(* Let $S\subseteq M_n$ and $T\subseteq M_{n'}$ be noncommutative graphs. If $S\leq T$ (there is a cohomomorphism from $S$ to $T$), then $\mathcal{H}(S)\leq\mathcal{H}(T)$.
   Context: All scalars are complex; $M_{n'\times n}$ denotes complex $n'\times n$ matrices and $M_n=M_{n\times n}$. A noncommutative graph is a linear subspace $S\subseteq M_n$ that contains $I_n$ and is closed under conjugate transpose. We write $S\leq T$ if there exist $m$ and matrices $E_1,\dots,E_m\in M_{n'\times n}$ with $\sum_{i=1}^m E_i^\dagger E_i=I_n$ (Choi-Kraus operators of a quantum channel $M_n\to M_{n'}$) such that $E_i^\dagger BE_j\in S$ for every $B\in T$ and all $i,j\in[m]$. For a subspace $S\subseteq M_n$, $M_m(S)$ denotes the set of $m\times m$ block matrices with every block in $S$, viewed in $M_{mn}$. The Haemers bound is $\mathcal{H}(S)=\min\{\mathrm{rk}(B):\ m\in\mathbb{N},\ B\in M_m(S),\ \sum_{i=1}^m B_{i,i}=I_n\}$. *)

theory Defs
  imports "Jordan_Normal_Form.Schur_Decomposition" "Jordan_Normal_Form.DL_Rank"
begin

primrec msum :: "nat \<Rightarrow> nat \<Rightarrow> (nat \<Rightarrow> complex mat) \<Rightarrow> complex mat" where
  "msum n 0 f = 0\<^sub>m n n"
| "msum n (Suc k) f = msum n k f + f k"

definition nc_graph :: "nat \<Rightarrow> complex mat set \<Rightarrow> bool" where
  "nc_graph n S \<longleftrightarrow>
     S \<subseteq> carrier_mat n n \<and> 0\<^sub>m n n \<in> S \<and>
     (\<forall>A\<in>S. \<forall>B\<in>S. A + B \<in> S) \<and> (\<forall>c. \<forall>A\<in>S. c \<cdot>\<^sub>m A \<in> S) \<and>
     1\<^sub>m n \<in> S \<and> (\<forall>A\<in>S. mat_adjoint A \<in> S)"

definition nc_le :: "nat \<Rightarrow> complex mat set \<Rightarrow> nat \<Rightarrow> complex mat set \<Rightarrow> bool" where
  "nc_le n S n' T \<longleftrightarrow>
     (\<exists>m E. (\<forall>i<m. E i \<in> carrier_mat n' n) \<and>
            msum n m (\<lambda>i. mat_adjoint (E i) * E i) = 1\<^sub>m n \<and>
            (\<forall>B\<in>T. \<forall>i<m. \<forall>j<m. mat_adjoint (E i) * B * E j \<in> S))"

text \<open>The m x m block matrix (in M_(mn)) with n x n blocks blk i j (i, j < m).\<close>
definition block_mat :: "nat \<Rightarrow> nat \<Rightarrow> (nat \<Rightarrow> nat \<Rightarrow> complex mat) \<Rightarrow> complex mat" where
  "block_mat n m blk = mat (m * n) (m * n)
     (\<lambda>(r, c). blk (r div n) (c div n) $$ (r mod n, c mod n))"

definition haemers :: "nat \<Rightarrow> complex mat set \<Rightarrow> nat" where
  "haemers n S = Inf {vec_space.rank (m * n) (block_mat n m blk) | m blk.
       (\<forall>i<m. \<forall>j<m. blk i j \<in> S) \<and> msum n m (\<lambda>i. blk i i) = 1\<^sub>m n}"

end

theory Submission
  imports Defs
begin

text \<open>Let E_1, ..., E_q be the Kraus operators of the cohomomorphism and let B \<in> M_k(T), with
  diagonal blocks summing to I, attain the Haemers bound of T. Pull B back to the qk \<times> qk block
  matrix B' with blocks E_i^\<dagger> B_ab E_j. Its blocks lie in S by the defining property of
  the cohomomorphism, and its diagonal blocks sum to \<Sum>_i E_i^\<dagger> (\<Sum>_a B_aa) E_i
  = \<Sum>_i E_i^\<dagger> E_i = I. Moreover B' = X B Y for block-selection matrices X, Y built
  from the E_i, and rk (X B Y) \<le> rk B (factor B = P Q through rk B dimensions).
  Hence H(S) \<le> rk B' \<le> rk B = H(T).\<close>

context vec_space begin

• Exercise instructions
Reproduce each entry above exactly, keeping every word.

• Answer below
(* Let $S\subseteq M_n$ and $T\subseteq M_{n'}$ be noncommutative graphs. If $S\leq T$ (there is a cohomomorphism from $S$ to $T$), then $\mathcal{H}(S)\leq\mathcal{H}(T)$.
   Context: All scalars are complex; $M_{n'\times n}$ denotes complex $n'\times n$ matrices and $M_n=M_{n\times n}$. A noncommutative graph is a linear subspace $S\subseteq M_n$ that contains $I_n$ and is closed under conjugate transpose. We write $S\leq T$ if there exist $m$ and matrices $E_1,\dots,E_m\in M_{n'\times n}$ with $\sum_{i=1}^m E_i^\dagger E_i=I_n$ (Choi-Kraus operators of a quantum channel $M_n\to M_{n'}$) such that $E_i^\dagger BE_j\in S$ for every $B\in T$ and all $i,j\in[m]$. For a subspace $S\subseteq M_n$, $M_m(S)$ denotes the set of $m\times m$ block matrices with every block in $S$, viewed in $M_{mn}$. The Haemers bound is $\mathcal{H}(S)=\min\{\mathrm{rk}(B):\ m\in\mathbb{N},\ B\in M_m(S),\ \sum_{i=1}^m B_{i,i}=I_n\}$. *)

theory Defs
  imports "Jordan_Normal_Form.Schur_Decomposition" "Jordan_Normal_Form.DL_Rank"
begin

primrec msum :: "nat \<Rightarrow> nat \<Rightarrow> (nat \<Rightarrow> complex mat) \<Rightarrow> complex mat" where
  "msum n 0 f = 0\<^sub>m n n"
| "msum n (Suc k) f = msum n k f + f k"

definition nc_graph :: "nat \<Rightarrow> complex mat set \<Rightarrow> bool" where
  "nc_graph n S \<longleftrightarrow>
     S \<subseteq> carrier_mat n n \<and> 0\<^sub>m n n \<in> S \<and>
     (\<forall>A\<in>S. \<forall>B\<in>S. A + B \<in> S) \<and> (\<forall>c. \<forall>A\<in>S. c \<cdot>\<^sub>m A \<in> S) \<and>
     1\<^sub>m n \<in> S \<and> (\<forall>A\<in>S. mat_adjoint A \<in> S)"

definition nc_le :: "nat \<Rightarrow> complex mat set \<Rightarrow> nat \<Rightarrow> complex mat set \<Rightarrow> bool" where
  "nc_le n S n' T \<longleftrightarrow>
     (\<exists>m E. (\<forall>i<m. E i \<in> carrier_mat n' n) \<and>
            msum n m (\<lambda>i. mat_adjoint (E i) * E i) = 1\<^sub>m n \<and>
            (\<forall>B\<in>T. \<forall>i<m. \<forall>j<m. mat_adjoint (E i) * B * E j \<in> S))"

text \<open>The m x m block matrix (in M_(mn)) with n x n blocks blk i j (i, j < m).\<close>
definition block_mat :: "nat \<Rightarrow> nat \<Rightarrow> (nat \<Rightarrow> nat \<Rightarrow> complex mat) \<Rightarrow> complex mat" where
  "block_mat n m blk = mat (m * n) (m * n)
     (\<lambda>(r, c). blk (r div n) (c div n) $$ (r mod n, c mod n))"

definition haemers :: "nat \<Rightarrow> complex mat set \<Rightarrow> nat" where
  "haemers n S = Inf {vec_space.rank (m * n) (block_mat n m blk) | m blk.
       (\<forall>i<m. \<forall>j<m. blk i j \<in> S) \<and> msum n m (\<lambda>i. blk i i) = 1\<^sub>m n}"

end

theory Submission
  imports Defs
begin

text \<open>Let E_1, ..., E_q be the Kraus operators of the cohomomorphism and let B \<in> M_k(T), with
  diagonal blocks summing to I, attain the Haemers bound of T. Pull B back to the qk \<times> qk block
  matrix B' with blocks E_i^\<dagger> B_ab E_j. Its blocks lie in S by the defining property of
  the cohomomorphism, and its diagonal blocks sum to \<Sum>_i E_i^\<dagger> (\<Sum>_a B_aa) E_i
  = \<Sum>_i E_i^\<dagger> E_i = I. Moreover B' = X B Y for block-selection matrices X, Y built
  from the E_i, and rk (X B Y) \<le> rk B (factor B = P Q through rk B dimensions).
  Hence H(S) \<le> rk B' \<le> rk B = H(T).\<close>

context vec_space begin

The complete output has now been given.